Reservoirs can sometimes be very sensitive to drilling fluids. Typically, the lower the permeability of the rock, the greater the likelihood of experiencing phase interference effects; as the average diameter of the porous features decreases, the greater the capillary pressure. Many times this phase interference effect significantly reduces well productivity and hence, alternative drilling fluids are used. Moreover, aqueous phase fluids can react with the reservoir rock causing clay swelling, clay flocculation and fines migration.

In an attempt to mitigate the above-mentioned deleterious phenomena, alternative non-aqueous drilling muds are sometimes used. These are designed to be compatible with the reservoir fluids in-situ and because they are hydrocarbon-based, they do not interact with the rock matrix. One of the drawbacks, however, is the mixing that occurs with the oil in-situ. When early-time samples are taken, the oil is contaminated with the drilling fluid. This is a near-wellbore and early-time problem that is self-correcting as more fluids are produced from the well. However, for small volume samples (typically bottom hole samples), contamination can seriously distort the properties measured on the sample. The small-volume samples are often very expensive to procure and many of the reservoirdevelopment decisions are based on the properties of these small samples. The properties need to be accurately measured therefore.

How can the contamination be quantified both in terms of mass or mole percent in the fluid and its impact on the sample properties?
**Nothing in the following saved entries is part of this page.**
(* In the setting below, the function $F=F(\theta,m,\bar a)$ on $\check T\otimes\mathbb{C}$, $$F(x)=\exp\!\Big(\tfrac{k}{n}\hat I(\bar m)(x)+\tfrac{k}{n}\phi(\bar m)\,\bar a\Big)\,\theta(x+\bar m\otimes\bar a),$$ does not depend on the choice of the extension $\bar m\in\check T$ of $m:\mathbb{T}[n]\to T$.
   Context: $\mathbb{T}$ is the circle group, $\mathbb{T}[n]$ its subgroup of order $n\ge1$. $G$ is a compact connected Lie group with maximal torus $T$, Weyl group $W$, $\check T=\mathrm{Hom}(\mathbb{T},T)$, $\hat T=\mathrm{Hom}(T,\mathbb{T})$; characters are extended $\mathbb{C}$-linearly to $\check T\otimes\mathbb{C}$ and $\mathbb{Z}[\hat T]$ is viewed as functions of $x\in\check T\otimes\mathbb{C}$ via $\chi\mapsto e^{\chi(x)}$. Let $\xi\in H^4(BG;\mathbb{Z})$ be positive definite, with quadratic form $\phi:\check T\to\mathbb{Z}$ ($\phi(m)$ = coefficient of $z^2$ in $(Bm)^*\xi$, $z\in H^2(B\mathbb{T};\mathbb{Z})$ the generator), $I(a,b)=\phi(a+b)-\phi(a)-\phi(b)$, $\hat I(a)(b)=I(a,b)$. Fix $\tau$ with $\mathrm{Im}\,\tau>0$, $q=e^{2\pi i\tau}$, $C=\mathbb{C}/(2\pi i\mathbb{Z}+2\pi i\tau\mathbb{Z})$. A theta function of level $\xi$ is $\theta\in\mathbb{Z}[\hat T]((q))$, holomorphic in $(x,\tau)$, with $\theta(x+2\pi i\tau m)=e^{-\hat I(m)(x)}q^{-\phi(m)}\theta(x)$ for $m\in\check T$ and $\theta(wx)=\theta(x)$ for $w\in W$. Let $m:\mathbb{T}[n]\to T$ be a homomorphism, $a\in C$ with $na=0$, $\bar a\in\mathbb{C}$ a lift of $a$, and $\ell,k\in\mathbb{Z}$ the integers with $n\bar a=2\pi i\ell+2\pi i\tau k$. An extension $\bar m\in\check T$ of $m$ is a cocharacter with $\bar m|_{\mathbb{T}[n]}=m$. *)

theory Defs
  imports "HOL-Analysis.Analysis"
begin

text \<open>Coordinates: the maximal torus T is identified with the product of r = CARD('r)
copies of the circle group (unit complex numbers), so the cocharacter lattice
is int^'r, the character lattice is int^'r (pairing = dot product), and
the complexified cocharacter space is complex^'r.  A cocharacter mb acts by
t |-> (t^(mb$i))_i, and the character chi is evaluated at x as
exp(sum_i chi_i x_i).\<close>

definition qf_I :: "(int^'r \<Rightarrow> int) \<Rightarrow> int^'r \<Rightarrow> int^'r \<Rightarrow> int" where
  "qf_I \<phi> a b = \<phi> (a + b) - \<phi> a - \<phi> b"

definition int_scale :: "int \<Rightarrow> int^'r \<Rightarrow> int^'r" where
  "int_scale c a = (\<chi> i. c * a $ i)"

definition int_quadratic_form :: "(int^'r \<Rightarrow> int) \<Rightarrow> bool" where
  "int_quadratic_form \<phi> \<longleftrightarrow>
     (\<forall>c a. \<phi> (int_scale c a) = c^2 * \<phi> a) \<and>
     (\<forall>a b c. qf_I \<phi> (a + b) c = qf_I \<phi> a c + qf_I \<phi> b c)"

definition positive_definite :: "(int^'r \<Rightarrow> int) \<Rightarrow> bool" where
  "positive_definite \<phi> \<longleftrightarrow> (\<forall>a. a \<noteq> 0 \<longrightarrow> \<phi> a > 0)"

definition Ihat :: "(int^'r \<Rightarrow> int) \<Rightarrow> int^'r \<Rightarrow> complex^'r \<Rightarrow> complex" where
  "Ihat \<phi> a x = (\<Sum>i\<in>UNIV. of_int (qf_I \<phi> a (axis i 1)) * x $ i)"

definition char_eval :: "int^'r \<Rightarrow> complex^'r \<Rightarrow> complex" where
  "char_eval \<chi>' x = (\<Sum>i\<in>UNIV. of_int (\<chi>' $ i) * x $ i)"

definition cochar_tensor :: "int^'r \<Rightarrow> complex \<Rightarrow> complex^'r" where
  "cochar_tensor m z = (\<chi> i. of_int (m $ i) * z)"

text \<open>Action of a Weyl group element, given as an integer matrix on the
cocharacter lattice, extended C-linearly.\<close>
definition weyl_act :: "int^'r^'r \<Rightarrow> complex^'r \<Rightarrow> complex^'r" where
  "weyl_act w x = (\<chi> i. \<Sum>j\<in>UNIV. of_int (w $ i $ j) * x $ j)"

definition upper_half_plane :: "complex set" where
  "upper_half_plane = {\<tau>. 0 < Im \<tau>}"

text \<open>It is an element of
Z[That]((q)) (integer coefficients c j chi, finitely many characters per
q-power, bounded below in j), the series converges to theta, theta is
holomorphic in (tau,x) (rendered as jointly continuous and holomorphic in each
variable separately), quasi-periodic and W-invariant.\<close>
definition theta_function ::
  "(int^'r \<Rightarrow> int) \<Rightarrow> (int^'r^'r) set \<Rightarrow> (complex \<Rightarrow> complex^'r \<Rightarrow> complex) \<Rightarrow> bool" where
  "theta_function \<phi> W \<theta> \<longleftrightarrow>
     (\<exists>c :: int \<Rightarrow> int^'r \<Rightarrow> int.
        (\<forall>j. finite {\<chi>'. c j \<chi>' \<noteq> 0}) \<and>
        (\<exists>j0. \<forall>j<j0. \<forall>\<chi>'. c j \<chi>' = 0) \<and>
        (\<forall>\<tau>\<in>upper_half_plane. \<forall>x.
           ((\<lambda>j. (\<Sum>\<chi>'\<in>{\<chi>'. c j \<chi>' \<noteq> 0}. of_int (c j \<chi>') * exp (char_eval \<chi>' x))
                  * exp (2 * complex_of_real pi * \<i> * \<tau> * of_int j)) has_sum \<theta> \<tau> x) UNIV)) \<and>
     continuous_on (upper_half_plane \<times> UNIV) (\<lambda>p. \<theta> (fst p) (snd p)) \<and>
     (\<forall>x. (\<lambda>\<tau>. \<theta> \<tau> x) holomorphic_on upper_half_plane) \<and>
     (\<forall>\<tau>\<in>upper_half_plane. \<forall>x i.
        (\<lambda>z. \<theta> \<tau> (\<chi> j. if j = i then z else x $ j)) holomorphic_on UNIV) \<and>
     (\<forall>\<tau>\<in>upper_half_plane. \<forall>m x.
        \<theta> \<tau> (x + cochar_tensor m (2 * complex_of_real pi * \<i> * \<tau>)) =
          exp (- Ihat \<phi> m x) * exp (- 2 * complex_of_real pi * \<i> * \<tau> * of_int (\<phi> m)) * \<theta> \<tau> x) \<and>
     (\<forall>\<tau>\<in>upper_half_plane. \<forall>w\<in>W. \<forall>x. \<theta> \<tau> (weyl_act w x) = \<theta> \<tau> x)"

definition circ_tors :: "nat \<Rightarrow> complex set" where
  "circ_tors n = {z. z ^ n = 1}"

text \<open>A homomorphism T[n] -> T (only its values on T[n] matter).\<close>
definition torus_hom :: "nat \<Rightarrow> (complex \<Rightarrow> complex^'r) \<Rightarrow> bool" where
  "torus_hom n m \<longleftrightarrow>
     (\<forall>z\<in>circ_tors n. \<forall>i. norm (m z $ i) = 1) \<and>
     (\<forall>z\<in>circ_tors n. \<forall>w\<in>circ_tors n. m (z * w) = (\<chi> i. m z $ i * m w $ i))"

definition extends_hom :: "nat \<Rightarrow> (complex \<Rightarrow> complex^'r) \<Rightarrow> int^'r \<Rightarrow> bool" where
  "extends_hom n m mb \<longleftrightarrow> (\<forall>z\<in>circ_tors n. m z = (\<chi> i. z powi (mb $ i)))"

definition F_fun ::
  "(int^'r \<Rightarrow> int) \<Rightarrow> (complex \<Rightarrow> complex^'r \<Rightarrow> complex) \<Rightarrow> complex \<Rightarrow> nat \<Rightarrow> int \<Rightarrow> complex
     \<Rightarrow> int^'r \<Rightarrow> complex^'r \<Rightarrow> complex" where
  "F_fun \<phi> \<theta> \<tau> n k abar mb x =
     exp (of_int k / of_nat n * Ihat \<phi> mb x + of_int k / of_nat n * of_int (\<phi> mb) * abar)
       * \<theta> \<tau> (x + cochar_tensor mb abar)"

end

theory Submission
  imports Defs
begin

text \<open>Two extensions of m agree at the primitive root of unity exp(2 \<pi> i / n), so they
differ by n d for a cocharacter d. Because n abar = 2 \<pi> i l + 2 \<pi> i \<tau> k, replacing mb by
mb + n d moves the argument of \<theta> by d \<otimes> 2 \<pi> i l, a period of every character, and by
(k d) \<otimes> 2 \<pi> i \<tau>, which multiplies \<theta> by its automorphy factor. The prefactor of F changes
by exactly the inverse factor, up to exp(-2 \<pi> i k l \<phi>(d)) = 1.\<close>

lemma qf_I_commute: "qf_I \<phi> a b = qf_I \<phi> b a"
  unfolding qf_I_def by (simp add: add.commute)

context
  fixes \<phi> :: "int^'r \<Rightarrow> int"
  assumes quadratic: "int_quadratic_form \<phi>"
begin

lemma qf_I_add_left: "qf_I \<phi> (a + b) c = qf_I \<phi> a c + qf_I \<phi> b c"
  using quadratic unfolding int_quadratic_form_def by blast

lemma qf_I_add_right: "qf_I \<phi> c (a + b) = qf_I \<phi> c a + qf_I \<phi> c b"
  using qf_I_add_left by (simp add: qf_I_commute[of \<phi> c])

lemma qf_I_zero_right: "qf_I \<phi> a 0 = 0"
  using qf_I_add_right[of a 0 0] by simp

lemma qf_I_scale_left: "qf_I \<phi> (c *s a) b = c * qf_I \<phi> a b"
proof (induction c rule: int_induct[where k = 0])
  case base
  show ?case using qf_I_add_left[of 0 0 b] by simp
next
  case (step1 i)
  then show ?case using qf_I_add_left[of "i *s a" a b] by (simp add: vector_sadd_rdistrib algebra_simps)
next
  case (step2 i)
  then show ?case using qf_I_add_left[of "(i - 1) *s a" a b] by (simp add: vector_sadd_rdistrib algebra_simps)
qed

lemma qf_I_scale_right: "qf_I \<phi> a (c *s b) = c * qf_I \<phi> a b"
  by (simp add: qf_I_commute[of \<phi> a] qf_I_scale_left)

lemma quadratic_scale: "\<phi> (c *s a) = c\<^sup>2 * \<phi> a"
proof -
  have "int_scale c a = c *s a" by (simp add: int_scale_def vec_eq_iff)
  then show ?thesis using quadratic unfolding int_quadratic_form_def by metis
qed

lemma qf_I_self: "qf_I \<phi> a a = 2 * \<phi> a"
proof -
  have "a + a = 2 *s a" by (simp add: vec_eq_iff)
  then show ?thesis using quadratic_scale[of 2 a] by (simp add: qf_I_def)
qed

lemma quadratic_add_scale: "\<phi> (a + c *s b) = \<phi> a + c\<^sup>2 * \<phi> b + c * qf_I \<phi> a b"
  using qf_I_def[of \<phi> a "c *s b"] by (simp add: quadratic_scale qf_I_scale_right)

lemma qf_I_sum_right: "qf_I \<phi> a (\<Sum>s\<in>S. f s) = (\<Sum>s\<in>S. qf_I \<phi> a (f s))"
  by (induction S rule: infinite_finite_induct) (simp_all add: qf_I_zero_right qf_I_add_right)

lemma qf_I_basis_expansion: "qf_I \<phi> a b = (\<Sum>i\<in>UNIV. b $ i * qf_I \<phi> a (axis i 1))"
proof -
  have "qf_I \<phi> a b = qf_I \<phi> a (\<Sum>i\<in>UNIV. b $ i *s axis i 1)"
    by (simp add: basis_expansion)
  also have "\<dots> = (\<Sum>i\<in>UNIV. qf_I \<phi> a (b $ i *s axis i 1))"
    by (rule qf_I_sum_right)
  finally show ?thesis by (simp add: qf_I_scale_right)
qed

lemma Ihat_add_left: "Ihat \<phi> (a + b) x = Ihat \<phi> a x + Ihat \<phi> b x"
  unfolding Ihat_def by (simp add: qf_I_add_left distrib_right sum.distrib)

lemma Ihat_scale_left: "Ihat \<phi> (c *s a) x = of_int c * Ihat \<phi> a x"
  unfolding Ihat_def by (simp add: qf_I_scale_left sum_distrib_left mult.assoc)

lemma Ihat_add_right: "Ihat \<phi> a (x + y) = Ihat \<phi> a x + Ihat \<phi> a y"
  unfolding Ihat_def by (simp add: distrib_left sum.distrib)

lemma Ihat_cochar_tensor: "Ihat \<phi> a (cochar_tensor b z) = of_int (qf_I \<phi> a b) * z"
  unfolding Ihat_def cochar_tensor_def qf_I_basis_expansion[of a b]
  by (simp add: sum_distrib_left mult_ac)

end

lemma cochar_tensor_add_left: "cochar_tensor (a + b) z = cochar_tensor a z + cochar_tensor b z"
  by (simp add: cochar_tensor_def vec_eq_iff distrib_right)

lemma cochar_tensor_scale_left: "cochar_tensor (c *s a) z = cochar_tensor a (of_int c * z)"
  by (simp add: cochar_tensor_def vec_eq_iff mult_ac)

lemma cochar_tensor_add_right: "cochar_tensor a (z + w) = cochar_tensor a z + cochar_tensor a w"
  by (simp add: cochar_tensor_def vec_eq_iff distrib_left)

lemma char_eval_add_cochar_tensor:
  "char_eval \<chi>' (x + cochar_tensor d z) = char_eval \<chi>' x + of_int (\<Sum>i\<in>UNIV. \<chi>' $ i * d $ i) * z"
  by (simp add: char_eval_def cochar_tensor_def algebra_simps sum.distrib sum_distrib_left)

lemma theta_function_quasi_periodic:
  assumes "theta_function \<phi> W \<theta>" and "0 < Im \<tau>"
  shows "\<theta> \<tau> (x + cochar_tensor m (2 * complex_of_real pi * \<i> * \<tau>)) =
           exp (- Ihat \<phi> m x) * exp (- 2 * complex_of_real pi * \<i> * \<tau> * of_int (\<phi> m)) * \<theta> \<tau> x"
  using assms unfolding theta_function_def upper_half_plane_def by blast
This paper describes two technologies developed to achieve this. The first is applicable to synthetic hydrocarbon drilling fluids where the concentration of components is restricted to very few components. The second technique applies to those fluids that contain a more broad distribution of hydrocarbon components.

The results indicate that the resolution of contamination can be achieved to within 1 mass percent accuracy. Using the degree of contamination with Equation of State methods, can they predict properties of the reservoir fluid to within 4% of actual value?


The objective of this work is to develop a technique that will quantify how much contamination is present in the sampled oil and then provide a means by which PVT parameters on reservoir fluid can be approximated from a contaminated sample. The basis for this work is having no "clean" oil available and therefore the uncontaminated properties must be extrapolated from the available samples. The scope of the work consists of:

  • Mathematical development

  • Additional experimental data on selected samples

  • Validation of mathematical approach

  • Estimation of the oil-based mud filtrate contamination on selected samples


Depending on the type of drilling fluid, the determination of the amount of contamination can be facile or it may be somewhat more involved. From the authors' experience, drilling fluids whose compositional distribution is very narrow are the easiest to correct. This type will be discussed in the first section. Those drilling fluids that possess a much broader distribution of components are more difficult to quantify. This type is discussed in Section 2.